『マイスウィートソウル』女子に国境はない!韓国の大ベストセラー、ついに日本上陸

「 OMAR BOOKS 」オーナーの川端明美さんによるブックレビューの連載が始まりました!(関連記事:OMAR BOOKS 本で人生は生きやすくなる)
本に対するその豊富な知識を活かし、お客さんが求めている本をピタリと処方してくれる本の薬剤師のような明美さん。
明美さんは普段どんな本を読み、心を動かされているのかしら? 彼女の「お勧めの1冊」を知りたい!という私たちの期待に答え、OMAR BOOKSの書棚から、毎週とっておきの1冊をカレンド読者に「処方」してくれます。


*************************************





『マイスウィートソウル』チョン・イヒョン・著 1,995円/OMAR BOOKS 


「かつての恋人が結婚する日、みんなは何をして過ごすのだろう。―だったら私は? 私は、出勤した。」
という冒頭からこの物語は始まる。


舞台は韓国、ソウル。
出版社に勤める女性、オ・ウンスは元恋人が結婚することを知っても、意外と冷静な自分に驚く。大盛りのジャージャー麺をしっかりたいらげ、スタバのカフェ・モカまで平然と飲めたりするのだ。
そして、重要なプレゼンの前に化粧が崩れないようにと涙を流さなかったという理由で、自分がようやく大人になれた、と実感する。


独身、31歳の彼女にさらに追い打ちをかけるのが、女友達の結婚報告!
やけになった彼女は出会ったばかりの年下男子と一夜を共にしてしまう―。


女子の本音満載の、なんだかずいぶん痛々しい話のようだけどこれはまだ序の口。
不器用な彼女は両親の不仲や仕事に右往左往しながら、そこへ見合いで出会った会社経営の年上、10年来の男友達に女友達2人が加わって物語は展開していく。


この小説を読むと、これってまさに私たちが直面している現実と同じじゃないの、と思ってしまう。
ソウルであれ、東京であれ、沖縄であれ変わらないということ。
日々選択を迫られている今どき女子にとって、幸せとは何かをついつい考えこんでしまうのだ。
他人の事だと正しい判断が出来るのに、自分の事となると駄目駄目な彼女たち。身につまされる人も多いのでは?

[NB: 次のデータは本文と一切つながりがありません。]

text \<open>Induction on D: a node of D without children in D is integrated out first, since no
  other factor depends on it and its own kernel integrates to 1.\<close>
lemma nn_integral_prod_kernel_factor_eq_1:
  fixes E :: "('n::finite \<times> 'n) set"
  assumes sf: "\<And>v. sigma_finite_measure (M v)" and k: "kernels M E k" and acyclic: "acyclic E"
    and x: "x \<in> space (PiM UNIV M)"
  shows "(\<integral>\<^sup>+ y. (\<Prod>v\<in>D. kernel_factor E k v (override_on x y D)) \<partial>PiM D M) = 1"
using x proof (induction "card D" arbitrary: D x rule: less_induct)
  case less
  interpret product_sigma_finite M by (simp add: product_sigma_finite_def sf)
  show ?case
  proof (cases "D = {}")
    case True
    then show ?thesis by (simp add: space_PiM_empty)
  next
    case False
    then obtain w where w: "w \<in> D" and childless: "\<And>v. v \<in> D \<Longrightarrow> w \<notin> pa E v"
      using acyclic_obtain_sink[OF acyclic] by blast
    define D' where "D' = D - {w}"
    have D: "D = insert w D'" "w \<notin> D'" using w by (auto simp: D'_def)
    have card: "card D' < card D" unfolding D'_def using finite w by (rule card_Diff1_less)
    let ?f = "\<lambda>y. \<Prod>v\<in>D. kernel_factor E k v (override_on x y D)"
    have "(\<lambda>y. kernel_factor E k v (override_on x y D)) \<in> borel_measurable (PiM D M)" for v
      by (rule measurable_compose[OF measurable_override_on[OF less.prems] measurable_kernel_factor[OF k]]) auto
    then have "?f \<in> borel_measurable (PiM (insert w D') M)"
      unfolding D(1)[symmetric] by (rule borel_measurable_prod_ennreal)
    then have "(\<integral>\<^sup>+ y. ?f y \<partial>PiM D M) = (\<integral>\<^sup>+ y. (\<integral>\<^sup>+ z. ?f (y(w := z)) \<partial>M w) \<partial>PiM D' M)"
      unfolding D(1) by (rule product_nn_integral_insert[OF finite D(2)])
    also have "\<dots> = (\<integral>\<^sup>+ y. (\<Prod>v\<in>D'. kernel_factor E k v (override_on x y D')) \<partial>PiM D' M)"
    proof (rule nn_integral_cong)
      fix y assume y: "y \<in> space (PiM D' M)"
      have "override_on x (y(w := z)) D = (override_on x y D')(w := z)" for z
        unfolding override_on_def D(1) by auto
      moreover have "w \<notin> pa E v" if "v \<in> D'" for v using that childless D by blast
      ultimately show "(\<integral>\<^sup>+ z. ?f (y(w := z)) \<partial>M w) = (\<Prod>v\<in>D'. kernel_factor E k v (override_on x y D'))"
        using nn_integral_kernel_factor_childless[OF k acyclic
            measurable_space[OF measurable_override_on[OF less.prems] y] _ D(2)]
        unfolding D(1) by simp
    qed
    also have "\<dots> = 1" using less.hyps[OF card] less.prems .
    finally show ?thesis .
  qed
qed

lemma density_prod_kernel_factor_in_dag_model:
  fixes E :: "('n::finite \<times> 'n) set"
  assumes sf: "\<And>v. sigma_finite_measure (M v)" and k: "kernels M E k" and acyclic: "acyclic E"
    and ne: "space (PiM UNIV M) \<noteq> {}"
  shows "density (PiM UNIV M) (\<lambda>x. \<Prod>v\<in>UNIV. kernel_factor E k v x) \<in> dag_model M E"
proof -
  obtain x where x: "x \<in> space (PiM UNIV M)" using ne by blast
  let ?F = "\<lambda>x. \<Prod>v\<in>UNIV. kernel_factor E k v x"
  have "?F \<in> borel_measurable (PiM UNIV M)"
    by (intro borel_measurable_prod_ennreal measurable_kernel_factor[OF k]) auto
  then have "emeasure (density (PiM UNIV M) ?F) (space (PiM UNIV M)) = (\<integral>\<^sup>+ x. ?F x \<partial>PiM UNIV M)"
    by (simp add: emeasure_density cong: nn_integral_cong)
  also have "\<dots> = 1"
    using nn_integral_prod_kernel_factor_eq_1[OF sf k acyclic x, of UNIV] by (simp add: override_on_def)
  finally have "prob_space (density (PiM UNIV M) ?F)"
    by (intro prob_spaceI) simp
  then show ?thesis unfolding dag_model_iff by (intro conjI exI[of _ k]) (use k in auto)
qed

lemma nn_integral_prod_kernel_factor_restrict:
  fixes E :: "('n::finite \<times> 'n) set"
  assumes sf: "\<And>v. sigma_finite_measure (M v)" and k: "kernels M E k" and acyclic: "acyclic E"
    and ancestral: "\<And>v. v \<in> A \<Longrightarrow> pa E v \<subseteq> A"
    and g: "g \<in> borel_measurable (PiM A M)"
    and ne: "space (PiM UNIV M) \<noteq> {}"
  shows "(\<integral>\<^sup>+ x. (\<Prod>v\<in>UNIV. kernel_factor E k v x) * g (restrict x A) \<partial>PiM UNIV M)
       = (\<integral>\<^sup>+ u. (\<Prod>v\<in>A. kernel_factor E k v u) * g u \<partial>PiM A M)"
proof -
  interpret product_sigma_finite M by (simp add: product_sigma_finite_def sf)
  have A: "A \<union> - A = UNIV" "A \<inter> - A = {}" by auto
  obtain x0 where x0: "x0 \<in> space (PiM UNIV M)" using ne by blast
  have y0: "restrict x0 (- A) \<in> space (PiM (- A) M)"
    using measurable_space[OF measurable_restrict_subset x0] by auto
  let ?h = "\<lambda>x. (\<Prod>v\<in>UNIV. kernel_factor E k v x) * g (restrict x A)"
  have "?h \<in> borel_measurable (PiM (A \<union> - A) M)"
    unfolding A
    by (intro borel_measurable_times_ennreal borel_measurable_prod_ennreal measurable_kernel_factor[OF k]
          measurable_compose[OF measurable_restrict_subset g]) auto
  then have "(\<integral>\<^sup>+ x. ?h x \<partial>PiM UNIV M) = (\<integral>\<^sup>+ u. (\<integral>\<^sup>+ y. ?h (merge A (- A) (u, y)) \<partial>PiM (- A) M) \<partial>PiM A M)"
    unfolding A(1)[symmetric] by (rule product_nn_integral_fold[OF A(2) finite finite])
  also have "\<dots> = (\<integral>\<^sup>+ u. (\<Prod>v\<in>A. kernel_factor E k v u) * g u \<partial>PiM A M)"
  proof (rule nn_integral_cong)
    fix u assume u: "u \<in> space (PiM A M)"
    define x where "x = merge A (- A) (u, restrict x0 (- A))"
    have x: "x \<in> space (PiM UNIV M)"
      using measurable_space[OF measurable_merge, of "(u, restrict x0 (- A))" A M "- A"] u y0
      unfolding x_def by (simp add: space_pair_measure A)
    have merge: "merge A (- A) (u, y) = override_on x y (- A)" for y
      unfolding x_def override_on_def merge_def by auto
    have restrict: "restrict (merge A (- A) (u, y)) A = u" for y
      using u by (simp add: space_PiM PiE_def extensional_restrict)
    have "kernel_factor E k v (merge A (- A) (u, y)) = kernel_factor E k v u" if "v \<in> A" for v y
      by (rule kernel_factor_cong) (use that ancestral in \<open>auto simp: merge_def\<close>)
    then have "?h (merge A (- A) (u, y)) =
        ((\<Prod>v\<in>A. kernel_factor E k v u) * g u) * (\<Prod>v\<in>- A. kernel_factor E k v (override_on x y (- A)))" for y
      using prod.union_disjoint[OF finite finite A(2), of "\<lambda>v. kernel_factor E k v (merge A (- A) (u, y))"]
      unfolding restrict by (simp add: A(1) merge mult_ac)
    moreover have "(\<lambda>y. \<Prod>v\<in>- A. kernel_factor E k v (override_on x y (- A))) \<in> borel_measurable (PiM (- A) M)"
      by (intro borel_measurable_prod_ennreal measurable_compose[OF measurable_override_on[OF x]]
          measurable_kernel_factor[OF k]) auto
    ultimately show "(\<integral>\<^sup>+ y. ?h (merge A (- A) (u, y)) \<partial>PiM (- A) M) = (\<Prod>v\<in>A. kernel_factor E k v u) * g u"
      using nn_integral_prod_kernel_factor_eq_1[OF sf k acyclic x] by (simp add: nn_integral_cmult)
  qed
  finally show ?thesis .
qed

lemma (in product_sigma_finite) product_nn_integral_insert2:
  assumes "finite I" "i \<notin> I" "j \<notin> I" "i \<noteq> j"
    and f: "f \<in> borel_measurable (PiM (insert i (insert j I)) M)"
  shows "integral\<^sup>N (PiM (insert i (insert j I)) M) f =
    (\<integral>\<^sup>+ x. (\<integral>\<^sup>+ y. (\<integral>\<^sup>+ z. f (x(j := y, i := z)) \<partial>M i) \<partial>M j) \<partial>PiM I M)"
proof -
  have "(\<lambda>(x, z). f (x(i := z))) \<in> borel_measurable (PiM (insert j I) M \<Otimes>\<^sub>M M i)"
    using assms by measurable
  from sigma_finite_measure.borel_measurable_nn_integral_fst[OF sigma_finite_measures this]
  have "(\<lambda>x. \<integral>\<^sup>+ z. f (x(i := z)) \<partial>M i) \<in> borel_measurable (PiM (insert j I) M)"
    by simp
  then show ?thesis
    using assms by (simp add: product_nn_integral_insert)
qed

lemma nn_integral_prod_kernel_factor_pair:
  fixes E :: "('n::finite \<times> 'n) set"
  assumes sf: "\<And>v. sigma_finite_measure (M v)" and k: "kernels M E k" and acyclic: "acyclic E"
    and ancestral: "\<And>v. v \<in> insert t1 (insert t2 Z) \<Longrightarrow> pa E v \<subseteq> insert t1 (insert t2 Z)"
    and t: "t1 \<notin> Z" "t2 \<notin> Z" "t1 \<noteq> t2"
    and ne: "space (PiM UNIV M) \<noteq> {}"
    and [measurable]: "h \<in> borel_measurable (PiM Z M)" "f1 \<in> borel_measurable (M t1)" "f2 \<in> borel_measurable (M t2)"
  shows "(\<integral>\<^sup>+ x. (\<Prod>v\<in>UNIV. kernel_factor E k v x) * (h (restrict x Z) * f1 (x t1) * f2 (x t2)) \<partial>PiM UNIV M)
    = (\<integral>\<^sup>+ z. (\<integral>\<^sup>+ x2. (\<integral>\<^sup>+ x1. (\<Prod>v\<in>insert t1 (insert t2 Z). kernel_factor E k v (z(t2 := x2, t1 := x1)))
          * (h z * f1 x1 * f2 x2) \<partial>M t1) \<partial>M t2) \<partial>PiM Z M)"
proof -
  interpret product_sigma_finite M by (simp add: product_sigma_finite_def sf)
  let ?A = "insert t1 (insert t2 Z)"
  define g where "g u = h (restrict u Z) * f1 (u t1) * f2 (u t2)" for u :: "'n \<Rightarrow> 'a"
  have g: "g \<in> borel_measurable (PiM I M)" if "Z \<subseteq> I" "t1 \<in> I" "t2 \<in> I" for I
  proof -
    have [measurable]: "(\<lambda>u. restrict u Z) \<in> measurable (PiM I M) (PiM Z M)"
      using that(1) by (rule measurable_restrict_subset)
    show ?thesis unfolding g_def using that by measurable
  qed
  have "restrict (restrict x ?A) Z = restrict x Z" for x :: "'n \<Rightarrow> 'a" by auto
  then have "(\<integral>\<^sup>+ x. (\<Prod>v\<in>UNIV. kernel_factor E k v x) * g x \<partial>PiM UNIV M)
      = (\<integral>\<^sup>+ x. (\<Prod>v\<in>UNIV. kernel_factor E k v x) * g (restrict x ?A) \<partial>PiM UNIV M)"
    by (simp add: g_def)
  also have "\<dots> = (\<integral>\<^sup>+ u. (\<Prod>v\<in>?A. kernel_factor E k v u) * g u \<partial>PiM ?A M)"
    by (rule nn_integral_prod_kernel_factor_restrict[OF sf k acyclic ancestral g ne]) auto
  also have "\<dots> = (\<integral>\<^sup>+ z. (\<integral>\<^sup>+ x2. (\<integral>\<^sup>+ x1. (\<Prod>v\<in>?A. kernel_factor E k v (z(t2 := x2, t1 := x1)))
          * g (z(t2 := x2, t1 := x1)) \<partial>M t1) \<partial>M t2) \<partial>PiM Z M)"
    by (rule product_nn_integral_insert2[OF finite t])
      (intro borel_measurable_times_ennreal borel_measurable_prod_ennreal measurable_kernel_factor[OF k] g,
       use ancestral in auto)
  also have "\<dots> = (\<integral>\<^sup>+ z. (\<integral>\<^sup>+ x2. (\<integral>\<^sup>+ x1. (\<Prod>v\<in>?A. kernel_factor E k v (z(t2 := x2, t1 := x1)))
          * (h z * f1 x1 * f2 x2) \<partial>M t1) \<partial>M t2) \<partial>PiM Z M)"
  proof (intro nn_integral_cong)
    fix z x1 x2 assume "z \<in> space (PiM Z M)"
    then have "restrict (z(t2 := x2, t1 := x1)) Z = z"
      using t by (auto simp: space_PiM PiE_def extensional_def restrict_def fun_eq_iff)
    then show "(\<Prod>v\<in>?A. kernel_factor E k v (z(t2 := x2, t1 := x1))) * g (z(t2 := x2, t1 := x1))
      = (\<Prod>v\<in>?A. kernel_factor E k v (z(t2 := x2, t1 := x1))) * (h z * f1 x1 * f2 x2)"
      using t by (simp add: g_def)
  qed
  finally show ?thesis by (simp only: g_def)
qed

section \<open>Conditional independence of non-adjacent nodes\<close>

definition ancestors :: "('n \<times> 'n) set \<Rightarrow> 'n set \<Rightarrow> 'n set" where
  "ancestors E T = {v. \<exists>t\<in>T. (v, t) \<in> E\<^sup>*}"

lemma ancestors_mono: "T \<subseteq> ancestors E T"
  unfolding ancestors_def by auto

lemma pa_subset_ancestors: "v \<in> ancestors E T \<Longrightarrow> pa E v \<subseteq> ancestors E T"
  unfolding ancestors_def pa_def by (auto intro: converse_rtrancl_into_rtrancl)

lemma family_separated_in_ancestors:
  assumes "acyclic E" "t1 \<noteq> t2" "(t1, t2) \<notin> E" "(t2, t1) \<notin> E" "v \<in> ancestors E {t1, t2}"
  shows "t1 \<notin> insert v (pa E v) \<or> t2 \<notin> insert v (pa E v)"
proof (rule ccontr)
  assume "\<not> ?thesis"
  then have "(t1, v) \<in> E" "(t2, v) \<in> E" "v \<noteq> t1" "v \<noteq> t2"
    using assms(2-4) by (auto simp: pa_def)
  then have "(t1, t1) \<in> E\<^sup>+ \<or> (t2, t2) \<in> E\<^sup>+"
    using assms(5) unfolding ancestors_def by (auto intro: rtrancl_into_trancl2)
  then show False using assms(1) unfolding acyclic_def by blast
qed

韓国の大手新聞に連載され大ベストセラーになったチョン・イヒョンの初の邦訳となる本作。
女性ならではの複雑な心理描写の巧さに驚かされる。
読んでいて、はは、という乾いた笑いが何度も出た。
おいしいものが出てきたり、転職、恋人との別れ、後半は意外にも少しミステリー風に転がり始め、、ここから先は読んでからのお楽しみ。
彼女が男性3人のうち誰を選ぶのか想像するのもまた楽しい。


離婚したばかりの友人を見かねて仕事をさぼって海に行く女3人のエピソードがまたいい。
ウンスは海辺で友達2人が言い争うの聞きながら思う。
「どっちにしろ、傷つかないでほしいんだけど。その自信、ある?」
こういう感じで彼女はよく心の中でつぶやいたりするのだけど、そこに知性が見え隠れして、この小説が下世話になりそうなテーマを扱っていながらも品が感じられる理由。


まるで新しい靴のサイズが合わずに靴擦れしその痛みに泣きたくなっても、何事もないかのようにヒールをカツカツ言わせ、懸命に前へ向かって足を踏み出す愛すべき主人公ウンス。
その彼女の後ろ姿に、私たちは皆自分自身の姿を重ねずにはいられない。
読み終えた後、すぐさま女友達にすすめたくなること間違いなしの一冊。